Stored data
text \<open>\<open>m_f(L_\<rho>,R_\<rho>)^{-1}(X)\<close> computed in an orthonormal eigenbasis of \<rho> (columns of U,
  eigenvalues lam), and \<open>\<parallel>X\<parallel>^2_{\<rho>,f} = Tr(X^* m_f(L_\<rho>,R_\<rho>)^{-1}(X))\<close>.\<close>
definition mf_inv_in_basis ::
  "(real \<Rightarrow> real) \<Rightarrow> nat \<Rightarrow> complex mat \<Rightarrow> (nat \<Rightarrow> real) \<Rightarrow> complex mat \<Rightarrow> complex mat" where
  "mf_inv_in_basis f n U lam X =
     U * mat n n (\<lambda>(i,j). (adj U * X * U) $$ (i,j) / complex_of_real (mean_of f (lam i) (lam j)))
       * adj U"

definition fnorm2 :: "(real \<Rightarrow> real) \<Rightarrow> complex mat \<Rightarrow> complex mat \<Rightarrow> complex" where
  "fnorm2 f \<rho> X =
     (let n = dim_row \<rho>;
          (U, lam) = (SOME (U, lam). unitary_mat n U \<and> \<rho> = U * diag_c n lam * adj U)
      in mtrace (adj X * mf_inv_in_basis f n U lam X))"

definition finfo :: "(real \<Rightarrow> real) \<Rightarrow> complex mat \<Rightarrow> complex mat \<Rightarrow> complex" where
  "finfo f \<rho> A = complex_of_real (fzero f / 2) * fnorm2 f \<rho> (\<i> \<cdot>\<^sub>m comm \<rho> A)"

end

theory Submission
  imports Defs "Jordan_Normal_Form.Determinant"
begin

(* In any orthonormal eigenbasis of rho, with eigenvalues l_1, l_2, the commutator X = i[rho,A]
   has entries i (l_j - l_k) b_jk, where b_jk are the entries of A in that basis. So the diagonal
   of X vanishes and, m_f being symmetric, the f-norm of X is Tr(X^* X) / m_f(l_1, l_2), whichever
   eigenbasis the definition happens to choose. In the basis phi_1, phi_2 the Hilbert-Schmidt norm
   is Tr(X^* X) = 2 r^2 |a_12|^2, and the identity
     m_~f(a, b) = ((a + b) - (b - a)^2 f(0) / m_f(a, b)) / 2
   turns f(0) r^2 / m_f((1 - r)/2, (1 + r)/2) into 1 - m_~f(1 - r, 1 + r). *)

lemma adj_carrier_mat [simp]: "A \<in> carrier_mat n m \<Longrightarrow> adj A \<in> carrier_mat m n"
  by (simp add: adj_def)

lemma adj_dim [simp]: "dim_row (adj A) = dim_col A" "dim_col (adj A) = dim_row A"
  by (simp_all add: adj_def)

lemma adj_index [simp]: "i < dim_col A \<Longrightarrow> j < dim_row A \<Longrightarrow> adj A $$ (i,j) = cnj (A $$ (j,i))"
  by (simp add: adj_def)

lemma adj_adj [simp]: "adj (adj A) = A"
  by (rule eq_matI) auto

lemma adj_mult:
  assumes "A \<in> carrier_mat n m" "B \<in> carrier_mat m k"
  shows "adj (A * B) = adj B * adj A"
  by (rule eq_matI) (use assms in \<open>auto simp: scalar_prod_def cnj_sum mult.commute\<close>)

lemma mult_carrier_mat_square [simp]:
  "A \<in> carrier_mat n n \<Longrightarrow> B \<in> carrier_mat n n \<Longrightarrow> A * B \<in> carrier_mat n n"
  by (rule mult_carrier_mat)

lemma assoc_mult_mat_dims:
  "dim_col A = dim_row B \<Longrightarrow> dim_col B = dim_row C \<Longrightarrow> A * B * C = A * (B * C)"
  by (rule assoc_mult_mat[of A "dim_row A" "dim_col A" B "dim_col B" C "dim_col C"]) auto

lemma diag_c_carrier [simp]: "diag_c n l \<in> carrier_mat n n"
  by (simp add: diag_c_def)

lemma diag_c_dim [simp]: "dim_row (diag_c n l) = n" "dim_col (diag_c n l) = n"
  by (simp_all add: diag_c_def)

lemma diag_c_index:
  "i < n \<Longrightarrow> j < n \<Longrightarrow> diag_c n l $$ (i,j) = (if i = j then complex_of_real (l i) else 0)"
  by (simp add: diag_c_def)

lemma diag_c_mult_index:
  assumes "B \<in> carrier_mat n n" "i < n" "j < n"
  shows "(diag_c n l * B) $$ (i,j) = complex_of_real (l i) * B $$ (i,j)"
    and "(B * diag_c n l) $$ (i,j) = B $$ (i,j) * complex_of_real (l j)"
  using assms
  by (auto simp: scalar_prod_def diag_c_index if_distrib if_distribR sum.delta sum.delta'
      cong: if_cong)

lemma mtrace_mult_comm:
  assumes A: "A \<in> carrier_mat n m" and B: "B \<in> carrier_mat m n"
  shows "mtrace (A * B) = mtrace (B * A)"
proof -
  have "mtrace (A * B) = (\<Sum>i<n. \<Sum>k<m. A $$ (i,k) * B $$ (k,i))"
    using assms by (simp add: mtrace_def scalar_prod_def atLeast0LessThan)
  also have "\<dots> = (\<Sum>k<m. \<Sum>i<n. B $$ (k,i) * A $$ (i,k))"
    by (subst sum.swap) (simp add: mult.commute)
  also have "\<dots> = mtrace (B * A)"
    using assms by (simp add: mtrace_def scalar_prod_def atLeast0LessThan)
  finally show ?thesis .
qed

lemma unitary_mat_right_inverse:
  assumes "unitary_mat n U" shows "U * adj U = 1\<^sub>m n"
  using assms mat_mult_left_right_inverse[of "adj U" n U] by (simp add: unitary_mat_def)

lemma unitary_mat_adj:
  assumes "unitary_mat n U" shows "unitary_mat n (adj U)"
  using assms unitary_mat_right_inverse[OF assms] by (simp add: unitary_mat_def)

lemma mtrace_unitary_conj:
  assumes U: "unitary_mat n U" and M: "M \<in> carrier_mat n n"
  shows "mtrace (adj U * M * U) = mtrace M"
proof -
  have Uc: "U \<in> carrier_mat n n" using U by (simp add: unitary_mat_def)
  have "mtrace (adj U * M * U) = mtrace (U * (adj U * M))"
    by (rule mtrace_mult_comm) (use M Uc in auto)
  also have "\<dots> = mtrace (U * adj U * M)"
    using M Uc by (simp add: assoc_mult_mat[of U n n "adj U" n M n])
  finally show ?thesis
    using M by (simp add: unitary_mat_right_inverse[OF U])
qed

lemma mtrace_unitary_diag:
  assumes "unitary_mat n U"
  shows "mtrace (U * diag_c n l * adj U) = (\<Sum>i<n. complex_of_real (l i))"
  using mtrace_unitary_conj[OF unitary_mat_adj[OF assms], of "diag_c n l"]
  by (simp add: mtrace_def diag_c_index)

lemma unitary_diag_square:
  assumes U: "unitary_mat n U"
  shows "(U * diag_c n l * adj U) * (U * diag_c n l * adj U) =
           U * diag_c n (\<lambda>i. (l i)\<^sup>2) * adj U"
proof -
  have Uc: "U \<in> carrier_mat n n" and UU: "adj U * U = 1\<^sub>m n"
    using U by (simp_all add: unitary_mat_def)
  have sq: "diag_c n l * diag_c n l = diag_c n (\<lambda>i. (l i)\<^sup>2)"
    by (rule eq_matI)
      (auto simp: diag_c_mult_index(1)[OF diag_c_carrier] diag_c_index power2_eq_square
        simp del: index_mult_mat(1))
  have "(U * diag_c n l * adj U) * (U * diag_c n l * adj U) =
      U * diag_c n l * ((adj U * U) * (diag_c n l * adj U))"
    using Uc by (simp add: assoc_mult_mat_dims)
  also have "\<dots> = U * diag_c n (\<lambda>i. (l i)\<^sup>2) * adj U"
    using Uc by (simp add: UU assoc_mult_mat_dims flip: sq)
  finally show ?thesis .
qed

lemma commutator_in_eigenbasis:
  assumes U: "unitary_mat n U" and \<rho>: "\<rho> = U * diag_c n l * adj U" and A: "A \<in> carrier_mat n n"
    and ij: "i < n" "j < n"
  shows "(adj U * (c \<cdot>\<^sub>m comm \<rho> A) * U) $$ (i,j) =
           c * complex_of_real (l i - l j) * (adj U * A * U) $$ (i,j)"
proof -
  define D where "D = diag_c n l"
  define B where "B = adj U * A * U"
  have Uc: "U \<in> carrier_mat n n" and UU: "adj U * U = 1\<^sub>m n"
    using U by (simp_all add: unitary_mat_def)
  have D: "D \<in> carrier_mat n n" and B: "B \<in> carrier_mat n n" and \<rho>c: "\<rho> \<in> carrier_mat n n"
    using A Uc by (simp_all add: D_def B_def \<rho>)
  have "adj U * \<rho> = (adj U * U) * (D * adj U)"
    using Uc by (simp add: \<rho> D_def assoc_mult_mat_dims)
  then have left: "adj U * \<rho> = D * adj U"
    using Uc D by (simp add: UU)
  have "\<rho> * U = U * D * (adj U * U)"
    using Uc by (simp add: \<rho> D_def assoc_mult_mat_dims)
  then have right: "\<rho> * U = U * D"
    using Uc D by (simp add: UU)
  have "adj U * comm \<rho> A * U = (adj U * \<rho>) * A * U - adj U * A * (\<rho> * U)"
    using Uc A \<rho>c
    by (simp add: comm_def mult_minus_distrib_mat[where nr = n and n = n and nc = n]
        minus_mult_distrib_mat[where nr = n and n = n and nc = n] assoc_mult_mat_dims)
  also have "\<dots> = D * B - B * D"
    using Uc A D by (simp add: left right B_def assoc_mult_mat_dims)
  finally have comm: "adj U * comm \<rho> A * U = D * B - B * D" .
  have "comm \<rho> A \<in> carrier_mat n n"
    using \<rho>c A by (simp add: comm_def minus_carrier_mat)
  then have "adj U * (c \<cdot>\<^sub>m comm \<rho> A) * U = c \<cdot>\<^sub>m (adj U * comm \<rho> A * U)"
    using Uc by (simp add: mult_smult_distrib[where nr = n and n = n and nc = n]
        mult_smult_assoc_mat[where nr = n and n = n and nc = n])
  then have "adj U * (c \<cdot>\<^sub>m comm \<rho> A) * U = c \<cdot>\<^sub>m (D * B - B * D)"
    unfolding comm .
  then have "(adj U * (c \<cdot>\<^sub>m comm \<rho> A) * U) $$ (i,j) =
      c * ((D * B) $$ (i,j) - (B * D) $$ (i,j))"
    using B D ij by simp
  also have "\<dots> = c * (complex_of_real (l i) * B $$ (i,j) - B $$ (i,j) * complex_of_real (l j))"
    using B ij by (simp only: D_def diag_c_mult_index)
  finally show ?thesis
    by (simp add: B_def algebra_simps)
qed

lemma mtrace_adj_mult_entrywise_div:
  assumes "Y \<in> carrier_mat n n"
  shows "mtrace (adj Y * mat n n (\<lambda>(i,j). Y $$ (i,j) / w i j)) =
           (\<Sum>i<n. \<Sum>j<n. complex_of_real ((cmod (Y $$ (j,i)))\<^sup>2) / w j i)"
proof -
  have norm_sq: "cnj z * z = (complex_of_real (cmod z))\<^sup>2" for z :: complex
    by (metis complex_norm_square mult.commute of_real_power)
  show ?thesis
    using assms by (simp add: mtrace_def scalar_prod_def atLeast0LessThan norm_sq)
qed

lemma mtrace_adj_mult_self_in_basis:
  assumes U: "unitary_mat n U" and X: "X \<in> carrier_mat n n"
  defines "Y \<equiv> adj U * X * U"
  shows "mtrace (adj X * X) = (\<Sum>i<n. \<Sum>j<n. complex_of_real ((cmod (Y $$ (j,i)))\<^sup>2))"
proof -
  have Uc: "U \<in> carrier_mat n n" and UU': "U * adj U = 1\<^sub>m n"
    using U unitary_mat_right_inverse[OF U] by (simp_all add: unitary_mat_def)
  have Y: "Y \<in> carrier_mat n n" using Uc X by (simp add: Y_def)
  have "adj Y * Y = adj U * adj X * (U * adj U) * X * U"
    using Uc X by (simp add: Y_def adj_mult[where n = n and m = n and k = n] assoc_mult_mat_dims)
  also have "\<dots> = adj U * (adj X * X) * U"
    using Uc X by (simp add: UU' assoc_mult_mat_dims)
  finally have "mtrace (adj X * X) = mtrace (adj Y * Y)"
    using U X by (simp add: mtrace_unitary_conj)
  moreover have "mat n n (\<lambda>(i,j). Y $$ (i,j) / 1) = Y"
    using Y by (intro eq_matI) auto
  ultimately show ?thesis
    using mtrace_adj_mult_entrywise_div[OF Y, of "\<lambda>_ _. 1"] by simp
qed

Task: Looking back over the records above, in how many lines does the word "lambda" occur? Give the number alone.

Worked solution: 7